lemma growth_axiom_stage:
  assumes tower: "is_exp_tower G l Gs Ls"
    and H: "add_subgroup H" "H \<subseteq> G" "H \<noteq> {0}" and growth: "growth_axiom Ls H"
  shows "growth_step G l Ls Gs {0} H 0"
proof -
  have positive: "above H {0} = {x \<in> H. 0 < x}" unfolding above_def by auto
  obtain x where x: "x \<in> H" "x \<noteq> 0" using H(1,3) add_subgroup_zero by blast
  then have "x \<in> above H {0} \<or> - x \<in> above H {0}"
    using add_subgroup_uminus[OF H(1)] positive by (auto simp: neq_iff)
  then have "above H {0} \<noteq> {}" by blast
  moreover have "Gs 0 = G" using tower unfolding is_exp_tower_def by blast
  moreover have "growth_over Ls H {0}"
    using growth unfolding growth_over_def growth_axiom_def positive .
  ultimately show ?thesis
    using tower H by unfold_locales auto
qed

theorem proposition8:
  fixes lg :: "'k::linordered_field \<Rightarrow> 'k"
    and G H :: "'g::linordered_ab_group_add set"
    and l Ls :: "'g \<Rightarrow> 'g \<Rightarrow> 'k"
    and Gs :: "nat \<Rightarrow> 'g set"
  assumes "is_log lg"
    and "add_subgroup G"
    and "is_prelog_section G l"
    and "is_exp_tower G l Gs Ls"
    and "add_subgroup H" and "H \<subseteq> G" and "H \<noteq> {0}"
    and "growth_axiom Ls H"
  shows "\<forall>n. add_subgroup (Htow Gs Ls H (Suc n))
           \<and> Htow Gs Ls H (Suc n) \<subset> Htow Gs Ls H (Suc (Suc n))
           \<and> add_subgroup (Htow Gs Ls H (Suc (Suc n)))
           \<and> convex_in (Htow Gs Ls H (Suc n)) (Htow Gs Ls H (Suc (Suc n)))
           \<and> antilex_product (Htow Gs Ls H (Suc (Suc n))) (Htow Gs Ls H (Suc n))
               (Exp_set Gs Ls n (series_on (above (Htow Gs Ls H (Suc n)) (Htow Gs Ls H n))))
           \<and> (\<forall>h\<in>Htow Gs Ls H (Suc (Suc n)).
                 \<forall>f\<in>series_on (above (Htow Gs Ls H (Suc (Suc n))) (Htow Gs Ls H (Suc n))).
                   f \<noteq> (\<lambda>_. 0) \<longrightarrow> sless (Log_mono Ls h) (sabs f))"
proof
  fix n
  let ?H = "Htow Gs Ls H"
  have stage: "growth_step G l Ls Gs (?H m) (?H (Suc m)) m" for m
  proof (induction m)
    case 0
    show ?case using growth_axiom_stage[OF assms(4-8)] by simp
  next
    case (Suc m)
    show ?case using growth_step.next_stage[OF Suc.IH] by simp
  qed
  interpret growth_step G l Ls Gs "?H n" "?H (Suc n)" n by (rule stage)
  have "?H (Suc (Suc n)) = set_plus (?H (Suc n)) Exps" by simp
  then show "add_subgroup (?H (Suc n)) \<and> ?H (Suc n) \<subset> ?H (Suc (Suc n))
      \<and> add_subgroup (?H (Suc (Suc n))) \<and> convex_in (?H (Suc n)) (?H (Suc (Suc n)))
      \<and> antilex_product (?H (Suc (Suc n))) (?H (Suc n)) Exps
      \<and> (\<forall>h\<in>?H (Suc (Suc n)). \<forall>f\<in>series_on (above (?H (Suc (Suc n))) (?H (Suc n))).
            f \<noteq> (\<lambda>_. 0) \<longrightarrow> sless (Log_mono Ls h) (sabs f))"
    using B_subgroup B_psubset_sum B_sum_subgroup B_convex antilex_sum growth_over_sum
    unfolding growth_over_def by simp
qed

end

==*==

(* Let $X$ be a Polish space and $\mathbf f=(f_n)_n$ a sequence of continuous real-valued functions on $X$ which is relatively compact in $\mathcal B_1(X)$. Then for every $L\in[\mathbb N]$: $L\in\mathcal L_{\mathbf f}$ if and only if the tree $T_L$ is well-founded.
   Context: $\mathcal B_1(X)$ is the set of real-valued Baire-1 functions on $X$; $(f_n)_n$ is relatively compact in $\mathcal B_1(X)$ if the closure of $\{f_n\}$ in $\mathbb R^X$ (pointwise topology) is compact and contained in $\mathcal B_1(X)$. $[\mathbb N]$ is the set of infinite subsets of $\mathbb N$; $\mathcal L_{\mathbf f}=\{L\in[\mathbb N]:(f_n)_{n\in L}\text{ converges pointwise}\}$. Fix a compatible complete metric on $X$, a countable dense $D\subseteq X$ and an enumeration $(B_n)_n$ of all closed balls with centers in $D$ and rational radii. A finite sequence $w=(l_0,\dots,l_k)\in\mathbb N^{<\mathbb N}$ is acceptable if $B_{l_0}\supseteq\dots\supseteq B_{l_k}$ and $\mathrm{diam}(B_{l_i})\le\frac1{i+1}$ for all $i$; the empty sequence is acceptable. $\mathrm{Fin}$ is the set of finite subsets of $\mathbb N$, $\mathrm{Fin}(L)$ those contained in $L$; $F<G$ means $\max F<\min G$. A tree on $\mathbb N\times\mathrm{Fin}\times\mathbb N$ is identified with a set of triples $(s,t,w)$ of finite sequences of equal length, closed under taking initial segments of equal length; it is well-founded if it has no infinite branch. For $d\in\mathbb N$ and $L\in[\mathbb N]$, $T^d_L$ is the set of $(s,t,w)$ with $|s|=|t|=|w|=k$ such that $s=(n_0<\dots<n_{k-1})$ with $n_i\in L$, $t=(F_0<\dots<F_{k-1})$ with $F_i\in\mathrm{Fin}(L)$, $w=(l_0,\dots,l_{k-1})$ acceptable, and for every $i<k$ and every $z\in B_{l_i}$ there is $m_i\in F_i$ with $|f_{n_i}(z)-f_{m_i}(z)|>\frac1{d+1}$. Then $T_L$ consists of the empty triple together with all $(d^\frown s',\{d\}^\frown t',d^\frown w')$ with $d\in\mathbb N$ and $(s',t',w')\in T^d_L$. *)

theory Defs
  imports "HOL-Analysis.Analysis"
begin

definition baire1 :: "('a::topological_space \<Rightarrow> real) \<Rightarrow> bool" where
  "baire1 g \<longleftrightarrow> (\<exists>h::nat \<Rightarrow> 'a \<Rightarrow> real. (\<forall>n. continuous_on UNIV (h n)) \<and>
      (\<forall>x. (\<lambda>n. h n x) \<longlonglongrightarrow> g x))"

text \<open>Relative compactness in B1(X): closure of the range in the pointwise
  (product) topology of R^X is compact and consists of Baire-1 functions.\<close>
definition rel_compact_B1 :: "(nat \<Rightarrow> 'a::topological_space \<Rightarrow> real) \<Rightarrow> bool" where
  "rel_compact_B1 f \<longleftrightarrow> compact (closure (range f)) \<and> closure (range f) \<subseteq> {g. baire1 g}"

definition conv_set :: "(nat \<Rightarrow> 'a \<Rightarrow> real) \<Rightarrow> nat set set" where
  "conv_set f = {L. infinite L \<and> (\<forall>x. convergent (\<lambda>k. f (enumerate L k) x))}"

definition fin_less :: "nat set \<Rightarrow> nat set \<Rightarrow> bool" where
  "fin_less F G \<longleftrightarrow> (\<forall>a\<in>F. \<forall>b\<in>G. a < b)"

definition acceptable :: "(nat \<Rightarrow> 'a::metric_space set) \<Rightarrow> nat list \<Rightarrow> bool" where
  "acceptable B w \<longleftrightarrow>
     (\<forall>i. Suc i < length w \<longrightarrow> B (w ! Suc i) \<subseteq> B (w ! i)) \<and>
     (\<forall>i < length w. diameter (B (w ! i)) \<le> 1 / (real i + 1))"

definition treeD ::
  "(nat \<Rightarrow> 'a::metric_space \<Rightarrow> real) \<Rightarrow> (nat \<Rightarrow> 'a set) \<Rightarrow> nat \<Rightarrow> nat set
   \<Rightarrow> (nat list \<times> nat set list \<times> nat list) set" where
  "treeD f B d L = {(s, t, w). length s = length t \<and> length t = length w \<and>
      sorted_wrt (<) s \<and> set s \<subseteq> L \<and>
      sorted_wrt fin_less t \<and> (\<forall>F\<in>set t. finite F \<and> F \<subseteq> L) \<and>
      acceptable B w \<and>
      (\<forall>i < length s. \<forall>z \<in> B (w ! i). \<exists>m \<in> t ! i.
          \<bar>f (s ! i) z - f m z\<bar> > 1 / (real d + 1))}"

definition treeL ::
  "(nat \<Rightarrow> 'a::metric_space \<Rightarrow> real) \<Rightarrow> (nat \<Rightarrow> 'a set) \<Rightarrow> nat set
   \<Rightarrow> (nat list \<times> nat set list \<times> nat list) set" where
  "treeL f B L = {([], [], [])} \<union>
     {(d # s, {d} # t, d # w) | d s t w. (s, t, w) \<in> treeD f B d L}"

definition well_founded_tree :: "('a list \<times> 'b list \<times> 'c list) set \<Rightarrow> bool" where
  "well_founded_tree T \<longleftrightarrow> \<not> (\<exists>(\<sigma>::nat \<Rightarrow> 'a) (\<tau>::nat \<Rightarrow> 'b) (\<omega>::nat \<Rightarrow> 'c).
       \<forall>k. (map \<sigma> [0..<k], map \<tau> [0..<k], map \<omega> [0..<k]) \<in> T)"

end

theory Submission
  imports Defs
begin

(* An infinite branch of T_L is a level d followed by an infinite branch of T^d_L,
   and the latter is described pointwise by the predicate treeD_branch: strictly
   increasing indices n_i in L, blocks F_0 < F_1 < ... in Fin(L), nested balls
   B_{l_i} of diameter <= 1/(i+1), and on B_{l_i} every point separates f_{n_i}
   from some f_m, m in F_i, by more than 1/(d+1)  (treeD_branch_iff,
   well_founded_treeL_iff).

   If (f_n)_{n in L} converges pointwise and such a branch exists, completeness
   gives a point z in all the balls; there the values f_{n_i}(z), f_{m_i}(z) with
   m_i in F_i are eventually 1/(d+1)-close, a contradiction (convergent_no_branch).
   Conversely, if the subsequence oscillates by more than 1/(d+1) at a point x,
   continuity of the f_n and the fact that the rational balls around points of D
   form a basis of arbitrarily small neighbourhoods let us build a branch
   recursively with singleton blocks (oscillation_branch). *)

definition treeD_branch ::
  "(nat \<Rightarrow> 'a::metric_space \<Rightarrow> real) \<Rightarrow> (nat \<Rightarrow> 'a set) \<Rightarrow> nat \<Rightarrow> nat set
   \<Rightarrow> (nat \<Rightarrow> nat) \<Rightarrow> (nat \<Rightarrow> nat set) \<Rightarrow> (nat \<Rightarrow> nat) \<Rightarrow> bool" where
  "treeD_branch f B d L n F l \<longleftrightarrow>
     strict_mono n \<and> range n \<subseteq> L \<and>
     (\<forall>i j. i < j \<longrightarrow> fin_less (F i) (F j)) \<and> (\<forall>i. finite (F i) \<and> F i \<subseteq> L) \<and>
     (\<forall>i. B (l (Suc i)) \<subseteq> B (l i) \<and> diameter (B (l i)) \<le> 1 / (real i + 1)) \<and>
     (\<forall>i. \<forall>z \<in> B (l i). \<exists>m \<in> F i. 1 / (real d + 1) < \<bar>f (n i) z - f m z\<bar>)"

==*==

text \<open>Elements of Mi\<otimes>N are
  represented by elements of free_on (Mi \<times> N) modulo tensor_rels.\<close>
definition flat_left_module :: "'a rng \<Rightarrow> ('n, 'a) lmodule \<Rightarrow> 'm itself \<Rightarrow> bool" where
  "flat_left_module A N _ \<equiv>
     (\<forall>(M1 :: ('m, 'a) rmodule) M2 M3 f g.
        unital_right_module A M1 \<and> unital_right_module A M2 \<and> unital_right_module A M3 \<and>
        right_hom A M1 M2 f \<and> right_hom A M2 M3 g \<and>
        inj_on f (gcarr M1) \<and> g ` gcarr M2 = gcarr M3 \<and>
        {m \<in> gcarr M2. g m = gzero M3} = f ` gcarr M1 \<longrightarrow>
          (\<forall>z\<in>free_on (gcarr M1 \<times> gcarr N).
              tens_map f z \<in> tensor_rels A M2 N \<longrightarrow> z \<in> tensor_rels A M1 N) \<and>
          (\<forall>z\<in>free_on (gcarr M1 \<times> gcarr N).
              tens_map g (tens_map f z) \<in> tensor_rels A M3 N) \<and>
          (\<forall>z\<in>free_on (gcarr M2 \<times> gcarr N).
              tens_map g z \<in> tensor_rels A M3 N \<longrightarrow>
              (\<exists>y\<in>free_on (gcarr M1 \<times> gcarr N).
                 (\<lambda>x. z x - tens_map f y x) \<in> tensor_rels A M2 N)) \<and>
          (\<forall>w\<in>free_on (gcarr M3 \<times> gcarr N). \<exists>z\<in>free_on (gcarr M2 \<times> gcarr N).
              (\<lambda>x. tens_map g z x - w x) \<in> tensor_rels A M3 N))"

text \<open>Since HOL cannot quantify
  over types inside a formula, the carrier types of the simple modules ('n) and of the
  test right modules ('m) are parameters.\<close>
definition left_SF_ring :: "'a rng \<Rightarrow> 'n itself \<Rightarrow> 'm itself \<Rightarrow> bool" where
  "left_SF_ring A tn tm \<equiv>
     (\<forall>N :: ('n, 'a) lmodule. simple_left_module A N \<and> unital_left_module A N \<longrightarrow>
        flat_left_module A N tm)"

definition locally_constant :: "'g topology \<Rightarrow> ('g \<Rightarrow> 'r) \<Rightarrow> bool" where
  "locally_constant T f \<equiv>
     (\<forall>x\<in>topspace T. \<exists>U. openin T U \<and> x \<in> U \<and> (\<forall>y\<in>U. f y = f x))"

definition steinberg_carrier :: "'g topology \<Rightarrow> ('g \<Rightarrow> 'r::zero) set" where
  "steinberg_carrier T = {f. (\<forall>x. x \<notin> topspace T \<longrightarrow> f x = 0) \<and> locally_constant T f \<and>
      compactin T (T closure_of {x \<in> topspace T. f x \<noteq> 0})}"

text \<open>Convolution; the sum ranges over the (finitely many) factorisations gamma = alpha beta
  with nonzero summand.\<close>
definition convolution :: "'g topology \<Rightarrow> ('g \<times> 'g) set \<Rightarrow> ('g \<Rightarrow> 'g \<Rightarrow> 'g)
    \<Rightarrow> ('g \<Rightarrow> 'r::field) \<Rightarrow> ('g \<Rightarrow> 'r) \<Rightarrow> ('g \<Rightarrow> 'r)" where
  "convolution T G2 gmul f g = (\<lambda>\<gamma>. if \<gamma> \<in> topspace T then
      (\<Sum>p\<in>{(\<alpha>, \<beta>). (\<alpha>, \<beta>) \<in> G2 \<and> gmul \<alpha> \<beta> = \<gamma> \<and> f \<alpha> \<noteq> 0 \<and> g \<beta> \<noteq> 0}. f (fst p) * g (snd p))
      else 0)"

==*==

▶ **Instructions to follow**: Every line above from the line with "well_founded_treeL_iff)." to the line with "form a basis", both included, must be reproduced exactly, and no other line may appear.

▶ **Result for this task**:
   well_founded_treeL_iff).

   If (f_n)_{n in L} converges pointwise and such a branch exists, completeness
   gives a point z in all the balls; there the values f_{n_i}(z), f_{m_i}(z) with
   m_i in F_i are eventually 1/(d+1)-close, a contradiction (convergent_no_branch).
   Conversely, if the subsequence oscillates by more than 1/(d+1) at a point x,
   continuity of the f_n and the fact that the rational balls around points of D
   form a basis of arbitrarily small neighbourhoods let us build a branch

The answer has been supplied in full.